After a three-day trial in Nashville, Tenn., RaDonda Vaught (aged 38 and a resident of Bethpage, New York), a former nurse who was legally charged for a deadly drug error in 2017, was found guilty of gross negligence of an impaired adult and negligent murder on Friday.
Charges on the ex-nurse RaDonda Vaught:
According to sentencing instructions issued by the Nashville district attorney’s office, Vaught faces three to six years in jail for neglect and one to two years for negligent homicide as a defendant with no past convictions. Vaught is set to be sentenced on May 13, and her sentences are expected to run consecutively, according to Steve Hayslip, a spokesman for the district attorney.

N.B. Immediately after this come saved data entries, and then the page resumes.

(* Let $m\ge n$, $B\in\mathbb R^{n\times m}$ of full row rank, $f,h$ convex and continuously differentiable with Lipschitz gradients, $\mathcal L(u,p)=f(u)-h(p)+(Bu,p)$ with saddle point $(u^*,p^* )$, and $T_{\mathcal U},\mathcal I_{\mathcal V}$ ($m\times m$), $T_{\mathcal P},\mathcal I_{\mathcal Q}$ ($n\times n$) symmetric positive definite. Suppose $h\in\mathcal S^{1,1}_{\mu_{h,T_{\mathcal P}},L_{h,T_{\mathcal P}}}$ w.r.t. $T_{\mathcal P}$ with $L_{h,T_{\mathcal P}}\le1$, $f\in\mathcal S^{1,1}_{\mu_{f,T_{\mathcal U}},L_{f,T_{\mathcal U}}}$ w.r.t. $T_{\mathcal U}$ with $L_{f,T_{\mathcal U}}\le1$, $f_B$ is strongly convex w.r.t. $\mathcal I_{\mathcal V}$ with $\mu_{f_B,\mathcal I_{\mathcal V}}>0$, and $h_B$ is strongly convex w.r.t. $\mathcal I_{\mathcal Q}$ with $\mu_{h_B,\mathcal I_{\mathcal Q}}>0$. Let $(u_k,p_k)$ be generated from $(u_0,p_0)$ by $$u_{k+1/2}=u_k-T_{\mathcal U}^{-1}(\nabla f(u_k)+B^\top p_k),\qquad p_{k+1}=p_k-\alpha_k\mathcal I_{\mathcal Q}^{-1}(\nabla h(p_k)-Bu_{k+1/2}),$$ where $u_{k+1}$ is any point with $\|\nabla\tilde f_B(u_{k+1};u_k,p_{k+1})\|^2_{\mathcal I_{\mathcal V}^{-1}}\le\epsilon_k$ for $k=0,1,2,\dots$, and $\tilde f_B(u;u_k,p_{k+1})=f_B(u)+\frac1{2\alpha_k}\|u-u_k+\alpha_k\mathcal I_{\mathcal V}^{-1}B^\top(p_{k+1}-T_{\mathcal P}^{-1}\nabla h(p_{k+1}))\|^2_{\mathcal I_{\mathcal V}}$. Then for $0<\alpha_k<\mu_{h_B,\mathcal I_{\mathcal Q}}/L_{S,\mathcal Q}^2$ and $\mu_k=\min\{\mu_{f_B,\mathcal I_{\mathcal V}}/2,\ \mu_{h_B,\mathcal I_{\mathcal Q}}-\alpha_kL_{S,\mathcal Q}^2\}$, $$\mathcal E(u_{k+1},p_{k+1})\le\frac1{1+\alpha_k\mu_k}\mathcal E(u_k,p_k)+\frac{2\alpha_k}{(1+\alpha_k\mu_k)\mu_{f_B,\mathcal I_{\mathcal V}}}\epsilon_k,$$ where $L_{S,\mathcal Q}^2=L_{h_B,\mathcal I_{\mathcal Q}}^2+L_{e_{\mathcal U},\mathcal I_{\mathcal V}}^2L_S^2$. In particular, for $\alpha_k=\mu_{h_B,\mathcal I_{\mathcal Q}}/(2L_{S,\mathcal Q}^2)$, $$\mathcal E(u_{n+1},p_{n+1})\le\rho^{n+1}\mathcal E(u_0,p_0)+\frac{\mu_{h_B,\mathcal I_{\mathcal Q}}}{\mu_{f_B,\mathcal I_{\mathcal V}}L_{S,\mathcal Q}^2}\sum_{k=0}^n\rho^{n-k+1}\epsilon_k,$$ where $\mu=\min\{\mu_{f_B,\mathcal I_{\mathcal V}},\mu_{h_B,\mathcal I_{\mathcal Q}}\}$ and $\rho=1/(1+\mu_{h_B,\mathcal I_{\mathcal Q}}\mu/(4L_{S,\mathcal Q}^2))\in(0,1)$.
   Context: A saddle point satisfies $\nabla f(u^* )+B^\top p^*=0$, $Bu^*=\nabla h(p^* )$. For SPD $M$, $\|x\|_M=(Mx,x)^{1/2}$; $D_g(y,x)=g(y)-g(x)-(\nabla g(x),y-x)$; $g\in\mathcal S^{1,1}_{\mu_{g,M},L_{g,M}}$ w.r.t. $M$ means $\frac{\mu_{g,M}}2\|x-y\|_M^2\le D_g(y,x)\le\frac{L_{g,M}}2\|x-y\|_M^2$ for all $x,y$. Define $f_B(u)=f(u)+\frac12(B^\top T_{\mathcal P}^{-1}Bu,u)$, $h_B(p)=h(p)+\frac12(BT_{\mathcal U}^{-1}B^\top p,p)$, $e_{\mathcal U}(u)=u-T_{\mathcal U}^{-1}\nabla f(u)$, $\mathcal E(u,p)=\frac12\|u-u^*\|^2_{\mathcal I_{\mathcal V}}+\frac12\|p-p^*\|^2_{\mathcal I_{\mathcal Q}}$; $L_{h_B,\mathcal I_{\mathcal Q}}$ is the Lipschitz constant of $\nabla h_B$ (dual norm $\|\cdot\|_{\mathcal I_{\mathcal Q}^{-1}}$ vs $\|\cdot\|_{\mathcal I_{\mathcal Q}}$), $L_{e_{\mathcal U},\mathcal I_{\mathcal V}}$ the Lipschitz constant of $e_{\mathcal U}$ in $\|\cdot\|_{\mathcal I_{\mathcal V}}$, $L_S^2=\lambda_{\max}(\mathcal I_{\mathcal Q}^{-1}B\mathcal I_{\mathcal V}^{-1}B^\top)$. *)

theory Defs
  imports "HOL-Analysis.Analysis"
begin

definition spd :: "real^'n^'n \<Rightarrow> bool" where
  "spd M \<longleftrightarrow> transpose M = M \<and> (\<forall>x. x \<noteq> 0 \<longrightarrow> 0 < x \<bullet> (M *v x))"

definition mnorm :: "real^'n^'n \<Rightarrow> real^'n \<Rightarrow> real" where
  "mnorm M x = sqrt (x \<bullet> (M *v x))"

definition bregman :: "(real^'n \<Rightarrow> real) \<Rightarrow> (real^'n \<Rightarrow> real^'n) \<Rightarrow> real^'n \<Rightarrow> real^'n \<Rightarrow> real" where
  "bregman g dg y x = g y - g x - dg x \<bullet> (y - x)"

definition S11 :: "(real^'n \<Rightarrow> real) \<Rightarrow> (real^'n \<Rightarrow> real^'n) \<Rightarrow> real^'n^'n \<Rightarrow> real \<Rightarrow> real \<Rightarrow> bool" where
  "S11 g dg M mu L \<longleftrightarrow> (\<forall>x y. mu / 2 * (mnorm M (x - y))^2 \<le> bregman g dg y x
                              \<and> bregman g dg y x \<le> L / 2 * (mnorm M (x - y))^2)"

definition strongly_convex_wrt :: "real^'n^'n \<Rightarrow> real \<Rightarrow> (real^'n \<Rightarrow> real) \<Rightarrow> bool" where
  "strongly_convex_wrt M mu g \<longleftrightarrow> convex_on UNIV (\<lambda>x. g x - mu / 2 * (mnorm M x)^2)"

definition lambda_max :: "real^'n^'n \<Rightarrow> real" where
  "lambda_max A = Sup {lam. \<exists>x. x \<noteq> 0 \<and> A *v x = lam *\<^sub>R x}"

definition fB :: "(real^'m \<Rightarrow> real) \<Rightarrow> real^'m^'n \<Rightarrow> real^'n^'n \<Rightarrow> real^'m \<Rightarrow> real" where
  "fB f B TP u = f u + 1/2 * (((transpose B ** matrix_inv TP ** B) *v u) \<bullet> u)"

definition hB :: "(real^'n \<Rightarrow> real) \<Rightarrow> real^'m^'n \<Rightarrow> real^'m^'m \<Rightarrow> real^'n \<Rightarrow> real" where
  "hB h B TU p = h p + 1/2 * (((B ** matrix_inv TU ** transpose B) *v p) \<bullet> p)"

definition eU :: "(real^'m \<Rightarrow> real^'m) \<Rightarrow> real^'m^'m \<Rightarrow> real^'m \<Rightarrow> real^'m" where
  "eU gf TU u = u - matrix_inv TU *v gf u"

definition energy :: "real^'m^'m \<Rightarrow> real^'n^'n \<Rightarrow> real^'m \<Rightarrow> real^'n \<Rightarrow> real^'m \<Rightarrow> real^'n \<Rightarrow> real" where
  "energy IV IQ us ps u p = 1/2 * (mnorm IV (u - us))^2 + 1/2 * (mnorm IQ (p - ps))^2"

definition fBtilde :: "(real^'m \<Rightarrow> real) \<Rightarrow> (real^'n \<Rightarrow> real^'n) \<Rightarrow> real^'m^'n \<Rightarrow> real^'n^'n \<Rightarrow> real^'m^'m
     \<Rightarrow> real \<Rightarrow> real^'m \<Rightarrow> real^'n \<Rightarrow> real^'m \<Rightarrow> real" where
  "fBtilde f gh B TP IV alpha uk pk1 u =
     fB f B TP u + 1 / (2 * alpha) *
       (mnorm IV (u - uk + alpha *\<^sub>R (matrix_inv IV *v (transpose B *v (pk1 - matrix_inv TP *v gh pk1)))))^2"

end

theory Submission
  imports Defs
begin

text \<open>
Write x = u - u* and y = p - p*. The identity |x'|^2 - |x|^2 = 2 (x' - x, x') - |x' - x|^2 in
the I_V- and I_Q-norms, together with the optimality condition of the inexact u-update, the
p-update and the saddle point equations, expresses twice the energy decrease of one step as
2 alpha_k times a sum of inner products minus the squared step lengths. Strong monotonicity of
grad f_B and grad h_B supplies the dissipation; the two cross terms in B cost half of it, by
cocoercivity of grad f and grad h (a consequence of L <= 1 in S^{1,1}); the Lipschitz terms of
grad h_B and e_U are traded against the squared step lengths, using that L_S^2, the largest
eigenvalue of I_Q^{-1} B I_V^{-1} B^T, bounds |B^T y| in the I_V^{-1}-norm by L_S |y| in the
I_Q-norm; and the residual of the u-update produces the eps_k term. For
alpha_k = mu_{h_B} / (2 L_{S,Q}^2) the contraction factor is the constant rho, and unrolling
the recursion gives the second estimate.
\<close>

(* keep "transpose B *v y" instead of the default simp normal form "y v* B" *)
declare transpose_matrix_vector [simp del]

The case of RaDonda is now watched by everyone with their viewpoints on the same. Nurses and medical professionals across the country of U.S and worldwide have been keenly following Vaught’s trial, with many fearing that it would set a precedent criminalizing medical error. Medical errors are typically handled by professional licensing boards or civil courts, with criminal cases like Vaught’s being relatively uncommon. The founder of Show Me Your Stethoscope, Ms. Janie Garner commented on the same and said the conviction to have chilling effect on the nurses especially in the country. “Healthcare has just altered forever. You can’t trust people to tell the truth anymore because they’ll incriminate themselves,” expressed the founder after the verdict.

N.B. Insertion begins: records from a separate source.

(* Let $\beta\ge0$ with $\beta\ne1$, $\rho\in\mathbb{R}$ and $t>0$. Let $\psi$ be a positive, increasing, $C^2$ function on $[0,t]$ such that $$\psi''(s)\ge2\rho\,\psi'(s)+\mathcal{A}\,e^{-2\rho(2-\beta)(t-s)}\psi'(s)^\beta\quad\text{for all }s\in[0,t],$$ where $\mathcal{A}$ is a real number with $\mathcal{A}(\beta-1)\ge0$. Let $\xi(x)=\frac{1-\beta}{2-\beta}\cdot\frac{(1+x)^{\frac{2-\beta}{1-\beta}}-1}{x}$. Then $$\psi(t)-\psi(0)\le\psi'(t)\,\frac{1-e^{-2\rho t}}{2\rho}\,\xi(K_1),\qquad K_1=\frac{1-e^{-2\rho t}}{2\rho}\cdot\frac{\mathcal{A}(\beta-1)}{\psi'(t)^{1-\beta}}.$$ If moreover $1+K_2\ge0$, where $K_2=\frac{e^{2\rho t}-1}{2\rho}\cdot\frac{\mathcal{A}(1-\beta)}{\psi'(0)^{1-\beta}}e^{-2\rho(2-\beta)t}$, then $$\psi(t)-\psi(0)\ge\psi'(0)\,\frac{e^{2\rho t}-1}{2\rho}\,\xi(K_2).$$
   Context: When $\rho=0$, the factors $\frac{1-e^{-2\rho t}}{2\rho}$ and $\frac{e^{2\rho t}-1}{2\rho}$ are understood as $t$. *)

theory Defs
  imports "HOL-Analysis.Analysis"
begin

definition fac_minus :: "real \<Rightarrow> real \<Rightarrow> real" where
  "fac_minus \<rho> t = (if \<rho> = 0 then t else (1 - exp (- 2 * \<rho> * t)) / (2 * \<rho>))"

definition fac_plus :: "real \<Rightarrow> real \<Rightarrow> real" where
  "fac_plus \<rho> t = (if \<rho> = 0 then t else (exp (2 * \<rho> * t) - 1) / (2 * \<rho>))"

text \<open>xi(x) = (1-beta)/(2-beta) * ((1+x)^((2-beta)/(1-beta)) - 1)/x, extended by
  continuity: xi(0) = 1, and for beta = 2, xi(x) = ln(1+x)/x.\<close>
definition xi :: "real \<Rightarrow> real \<Rightarrow> real" where
  "xi \<beta> x = (if x = 0 then 1
     else if \<beta> = 2 then ln (1 + x) / x
     else (1 - \<beta>) / (2 - \<beta>) * (((1 + x) powr ((2 - \<beta>) / (1 - \<beta>)) - 1) / x))"

end

theory Submission
  imports Defs
begin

According to a report filed in her court case, the nurse ignored many warning indicators when she removed the wrong drug — including the fact that Versed is a liquid and vecuronium is a powder and then injected Murphey (a 75-year-old man who was admitted for brain injury) before leaving her to be scanned. Murphey was found dead already after the error was observed.

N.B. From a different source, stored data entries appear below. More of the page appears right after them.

(* Let $G=(V,E,\ell)$ be a finite node-labeled directed graph, let $\mathcal{L}:V\times V\to[0,1]$ satisfy $\mathcal{L}(u,v)=1$ if and only if $\ell(u)=\ell(v)$, and let $0<w^+<1$ (with $w^-=0$). Define $F^0=\mathcal{L}$ and, for $k\ge1$, $$F^k(u,v)=w^+A^k(N^+_G(u),N^+_G(v))+(1-w^+)\mathcal{L}(u,v),$$ where for $S_1,S_2\subseteq V$: $A^k(S_1,S_2)=1$ if $S_1=S_2=\emptyset$, and otherwise $$A^k(S_1,S_2)=\frac{1}{|S_1|+|S_2|}\Big(\sum_{x\in S_1}\max_{y\in S_2}F^{k-1}(x,y)+\sum_{y\in S_2}\max_{x\in S_1}F^{k-1}(x,y)\Big),$$ with the convention that a maximum over the empty set is $0$. Then for every integer $k\ge0$ and all $u,v\in V$: $u$ and $v$ are $k$-bisimilar if and only if $F^k(u,v)=1$.
   Context: $N^+_G(u)=\{u':(u,u')\in E\}$ is the out-neighbor set of $u$. $k$-bisimilarity is defined recursively: $u$ and $v$ are $0$-bisimilar iff $\ell(u)=\ell(v)$; for $k>0$, $u$ and $v$ are $k$-bisimilar iff (1) $\ell(u)=\ell(v)$, (2) for every $u'\in N^+_G(u)$ there is $v'\in N^+_G(v)$ such that $u'$ and $v'$ are $(k-1)$-bisimilar, and (3) for every $v'\in N^+_G(v)$ there is $u'\in N^+_G(u)$ such that $u'$ and $v'$ are $(k-1)$-bisimilar. The iteration $F^k$ is the $k$-th iterate of the paper's fractional bisimulation score $\mathrm{FSim}_b$ with $w^-=0$ on a single graph. *)

theory Defs
  imports Complex_Main
begin

definition out_nbrs :: "('v \<times> 'v) set \<Rightarrow> 'v \<Rightarrow> 'v set" where
  "out_nbrs E u = {u'. (u, u') \<in> E}"

fun k_bisim :: "('v \<times> 'v) set \<Rightarrow> ('v \<Rightarrow> 'l) \<Rightarrow> nat \<Rightarrow> 'v \<Rightarrow> 'v \<Rightarrow> bool" where
  "k_bisim E lab 0 u v = (lab u = lab v)"
| "k_bisim E lab (Suc k) u v =
     (lab u = lab v
      \<and> (\<forall>u'\<in>out_nbrs E u. \<exists>v'\<in>out_nbrs E v. k_bisim E lab k u' v')
      \<and> (\<forall>v'\<in>out_nbrs E v. \<exists>u'\<in>out_nbrs E u. k_bisim E lab k u' v'))"

definition max0 :: "'a set \<Rightarrow> ('a \<Rightarrow> real) \<Rightarrow> real" where
  "max0 S f = (if S = {} then 0 else Max (f ` S))"

definition agg :: "('v \<Rightarrow> 'v \<Rightarrow> real) \<Rightarrow> 'v set \<Rightarrow> 'v set \<Rightarrow> real" where
  "agg F S1 S2 =
     (if S1 = {} \<and> S2 = {} then 1
      else (1 / real (card S1 + card S2)) *
           ((\<Sum>x\<in>S1. max0 S2 (\<lambda>y. F x y)) + (\<Sum>y\<in>S2. max0 S1 (\<lambda>x. F x y))))"

fun FSim_iter :: "('v \<times> 'v) set \<Rightarrow> ('v \<Rightarrow> 'v \<Rightarrow> real) \<Rightarrow> real \<Rightarrow> nat \<Rightarrow> 'v \<Rightarrow> 'v \<Rightarrow> real" where
  "FSim_iter E L wp 0 u v = L u v"
| "FSim_iter E L wp (Suc k) u v =
     wp * agg (FSim_iter E L wp k) (out_nbrs E u) (out_nbrs E v) + (1 - wp) * L u v"

end

theory Submission
  imports Defs
begin

text \<open>All scores lie in [0,1], and a weighted mean of such scores is 1 only if every
  contributing score is 1. For the aggregate this means that every out-neighbour on either
  side has a partner of score 1; for the convex combination with weights wp and 1 - wp it
  means that both the aggregate and the label similarity are 1. By induction on k,
  F^k(u,v) = 1 therefore unfolds into exactly the recursive clauses of k-bisimilarity.\<close>

lemma max0_bounds:
  assumes "finite S" "\<forall>y\<in>S. 0 \<le> f y \<and> f y \<le> 1"
  shows "0 \<le> max0 S f" "max0 S f \<le> 1"
  using assms by (auto simp: max0_def Max_ge_iff Max_le_iff)

lemma max0_eq_1_iff:
  assumes "finite S" "\<forall>y\<in>S. f y \<le> 1"
  shows "max0 S f = 1 \<longleftrightarrow> (\<exists>y\<in>S. f y = 1)"
proof (cases "S = {}")
  case False
  have "Max (f ` S) \<in> f ` S" and "\<forall>y\<in>S. f y \<le> Max (f ` S)"
    using False assms(1) by auto
  moreover have "Max (f ` S) \<le> 1"
    using False assms by (simp add: Max_le_iff)
  ultimately have "Max (f ` S) = 1 \<longleftrightarrow> (\<exists>y\<in>S. f y = 1)"
    by (metis antisym imageE)
  with False show ?thesis
    by (simp add: max0_def)
qed (simp add: max0_def)

lemma sum_eq_card_iff:
  fixes g :: "'a \<Rightarrow> real"
  assumes "finite S" "\<forall>x\<in>S. g x \<le> 1"
  shows "sum g S = card S \<longleftrightarrow> (\<forall>x\<in>S. g x = 1)"
proof -
  have "sum (\<lambda>x. 1 - g x) S = card S - sum g S"
    by (simp add: sum_subtractf)
  moreover have "sum (\<lambda>x. 1 - g x) S = 0 \<longleftrightarrow> (\<forall>x\<in>S. 1 - g x = 0)"
    using assms by (intro sum_nonneg_eq_0_iff) auto
  ultimately show ?thesis
    by (metis eq_iff_diff_eq_0)
qed

lemma sum_max0_bounds:
  assumes "finite S" "finite T" "\<forall>x\<in>S. \<forall>y\<in>T. 0 \<le> F x y \<and> F x y \<le> 1"
  shows "0 \<le> (\<Sum>x\<in>S. max0 T (F x))"
    and "(\<Sum>x\<in>S. max0 T (F x)) \<le> card S"
    and "(\<Sum>x\<in>S. max0 T (F x)) = card S \<longleftrightarrow> (\<forall>x\<in>S. \<exists>y\<in>T. F x y = 1)"
proof -
  have max0: "0 \<le> max0 T (F x) \<and> max0 T (F x) \<le> 1" if "x \<in> S" for x
    using max0_bounds[OF assms(2), of "F x"] assms(3) that by blast
  then show "0 \<le> (\<Sum>x\<in>S. max0 T (F x))"
    by (simp add: sum_nonneg)
  show "(\<Sum>x\<in>S. max0 T (F x)) \<le> card S"
    using sum_bounded_above[of S "\<lambda>x. max0 T (F x)" 1] max0 by simp
  show "(\<Sum>x\<in>S. max0 T (F x)) = card S \<longleftrightarrow> (\<forall>x\<in>S. \<exists>y\<in>T. F x y = 1)"
    using assms max0 by (simp add: sum_eq_card_iff max0_eq_1_iff)
qed

lemma agg_bounds:
  assumes "finite S1" "finite S2" "\<forall>x\<in>S1. \<forall>y\<in>S2. 0 \<le> F x y \<and> F x y \<le> 1"
  shows "0 \<le> agg F S1 S2" "agg F S1 S2 \<le> 1"
proof -
  have "\<forall>y\<in>S2. \<forall>x\<in>S1. 0 \<le> F x y \<and> F x y \<le> 1"
    using assms(3) by blast
  note sums = sum_max0_bounds[OF assms] sum_max0_bounds[OF assms(2,1) this]
  show "0 \<le> agg F S1 S2" "agg F S1 S2 \<le> 1"
    using sums(1,2,4,5) by (auto simp: agg_def divide_le_eq_1)
qed

lemma agg_eq_1_iff:
  assumes "finite S1" "finite S2" "\<forall>x\<in>S1. \<forall>y\<in>S2. 0 \<le> F x y \<and> F x y \<le> 1"
  shows "agg F S1 S2 = 1 \<longleftrightarrow>
    (\<forall>x\<in>S1. \<exists>y\<in>S2. F x y = 1) \<and> (\<forall>y\<in>S2. \<exists>x\<in>S1. F x y = 1)"
proof (cases "S1 = {} \<and> S2 = {}")
  case False
  have "\<forall>y\<in>S2. \<forall>x\<in>S1. 0 \<le> F x y \<and> F x y \<le> 1"
    using assms(3) by blast
  note sums = sum_max0_bounds[OF assms] sum_max0_bounds[OF assms(2,1) this]
  have "0 < card S1 + card S2"
    using False assms(1,2) by auto
  then have "agg F S1 S2 = 1 \<longleftrightarrow>
      (\<Sum>x\<in>S1. max0 S2 (F x)) + (\<Sum>y\<in>S2. max0 S1 (\<lambda>x. F x y)) = card S1 + card S2"
    using False by (auto simp: agg_def)
  also have "\<dots> \<longleftrightarrow>
      (\<Sum>x\<in>S1. max0 S2 (F x)) = card S1 \<and> (\<Sum>y\<in>S2. max0 S1 (\<lambda>x. F x y)) = card S2"
    using sums(2,5) by linarith
  finally show ?thesis
    using sums(3,6) by simp
qed (simp add: agg_def)

lemma convex_comb_bounds:
  fixes w a b :: real
  assumes "0 \<le> w" "w \<le> 1" "0 \<le> a" "a \<le> 1" "0 \<le> b" "b \<le> 1"
  shows "0 \<le> w * a + (1 - w) * b" "w * a + (1 - w) * b \<le> 1"
  using assms mult_left_le[of a w] mult_left_le[of b "1 - w"] by auto

lemma convex_comb_eq_1_iff:
  fixes w a b :: real
  assumes "0 < w" "w < 1" "a \<le> 1" "b \<le> 1"
  shows "w * a + (1 - w) * b = 1 \<longleftrightarrow> a = 1 \<and> b = 1"
proof
  assume sum: "w * a + (1 - w) * b = 1"
  have "w * a \<le> w" "(1 - w) * b \<le> 1 - w"
    using assms by simp_all
  then have "w * a = w" "(1 - w) * b = 1 - w"
    using sum by linarith+
  then show "a = 1 \<and> b = 1"
    using assms by simp
qed simp

context
  fixes V :: "'v set" and E :: "('v \<times> 'v) set"
  assumes finite_V: "finite V" and E_sub: "E \<subseteq> V \<times> V"
begin

lemma out_nbrs_subset: "out_nbrs E u \<subseteq> V"
  using E_sub by (auto simp: out_nbrs_def)

lemma finite_out_nbrs: "finite (out_nbrs E u)"
  using out_nbrs_subset finite_V by (rule finite_subset)

lemma FSim_iter_bounds:
  assumes "\<forall>u\<in>V. \<forall>v\<in>V. 0 \<le> L u v \<and> L u v \<le> 1" "0 \<le> wp" "wp \<le> 1"
  shows "\<forall>u\<in>V. \<forall>v\<in>V. 0 \<le> FSim_iter E L wp k u v \<and> FSim_iter E L wp k u v \<le> 1"
proof (induction k)
  case (Suc k)
  show ?case
  proof (intro ballI)
    fix u v assume "u \<in> V" "v \<in> V"
    have "\<forall>x\<in>out_nbrs E u. \<forall>y\<in>out_nbrs E v.
        0 \<le> FSim_iter E L wp k x y \<and> FSim_iter E L wp k x y \<le> 1"
      using Suc.IH out_nbrs_subset by blast
    note agg = agg_bounds[OF finite_out_nbrs finite_out_nbrs this]
    show "0 \<le> FSim_iter E L wp (Suc k) u v \<and> FSim_iter E L wp (Suc k) u v \<le> 1"
      using convex_comb_bounds[OF assms(2,3) agg] assms(1) \<open>u \<in> V\<close> \<open>v \<in> V\<close> by simp
  qed
qed (use assms(1) in simp)

lemma k_bisim_iff_FSim_iter_eq_1:
  assumes L_bounds: "\<forall>u\<in>V. \<forall>v\<in>V. 0 \<le> L u v \<and> L u v \<le> 1"
    and L_eq_1: "\<forall>u\<in>V. \<forall>v\<in>V. L u v = 1 \<longleftrightarrow> lab u = lab v"
    and "0 < wp" "wp < 1"
  shows "\<forall>u\<in>V. \<forall>v\<in>V. k_bisim E lab k u v \<longleftrightarrow> FSim_iter E L wp k u v = 1"
proof (induction k)
  case (Suc k)
  show ?case
  proof (intro ballI)
    fix u v assume "u \<in> V" "v \<in> V"
    let ?F = "FSim_iter E L wp k" and ?N = "out_nbrs E"
    have bounds: "\<forall>x\<in>?N u. \<forall>y\<in>?N v. 0 \<le> ?F x y \<and> ?F x y \<le> 1"
    proof -
      have "\<forall>x\<in>V. \<forall>y\<in>V. 0 \<le> ?F x y \<and> ?F x y \<le> 1"
        using FSim_iter_bounds[OF L_bounds] assms(3,4) by simp
      then show ?thesis
        using out_nbrs_subset by blast
    qed
    have IH: "k_bisim E lab k x y \<longleftrightarrow> ?F x y = 1" if "x \<in> ?N u" "y \<in> ?N v" for x y
      using Suc.IH that out_nbrs_subset by blast
    have "FSim_iter E L wp (Suc k) u v = 1 \<longleftrightarrow> agg ?F (?N u) (?N v) = 1 \<and> L u v = 1"
      using convex_comb_eq_1_iff[OF assms(3,4)] agg_bounds[OF finite_out_nbrs finite_out_nbrs bounds]
        L_bounds \<open>u \<in> V\<close> \<open>v \<in> V\<close> by simp
    also have "\<dots> \<longleftrightarrow> k_bisim E lab (Suc k) u v"
      using agg_eq_1_iff[OF finite_out_nbrs finite_out_nbrs bounds] IH L_eq_1 \<open>u \<in> V\<close> \<open>v \<in> V\<close>
      by auto
    finally show "k_bisim E lab (Suc k) u v \<longleftrightarrow> FSim_iter E L wp (Suc k) u v = 1" ..
  qed
qed (use L_eq_1 in simp)

end

theorem theorem4:
  fixes V :: "'v set" and E :: "('v \<times> 'v) set" and lab :: "'v \<Rightarrow> 'l"
    and L :: "'v \<Rightarrow> 'v \<Rightarrow> real" and wp :: real
  assumes "finite V"
    and "E \<subseteq> V \<times> V"
    and "\<forall>u\<in>V. \<forall>v\<in>V. 0 \<le> L u v \<and> L u v \<le> 1"
    and "\<forall>u\<in>V. \<forall>v\<in>V. L u v = 1 \<longleftrightarrow> lab u = lab v"
    and "0 < wp" and "wp < 1"
  shows "\<forall>k::nat. \<forall>u\<in>V. \<forall>v\<in>V. k_bisim E lab k u v \<longleftrightarrow> FSim_iter E L wp k u v = 1"
  using k_bisim_iff_FSim_iter_eq_1[OF assms] by blast

end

Intellectual’s views on RaDonda Vaught’s case:
Many officials and intellectual are putting forward their views on the matter as it is of great concern. Chad Jackson, Assistant District Attorney compared RaDonda Vaught to a drunk driver who killed a bystander and added that the nurse was “worse” because she was “driving with her eyes closed.”
The American Nurses Association expressed similar worries about Vaught’s conviction, saying it sets a “dangerous precedent by criminalizing the honest reporting of mistakes.” According to the statement, some medical errors are “inevitable, and there are more effective and just ways” to handle them than criminal prosecution.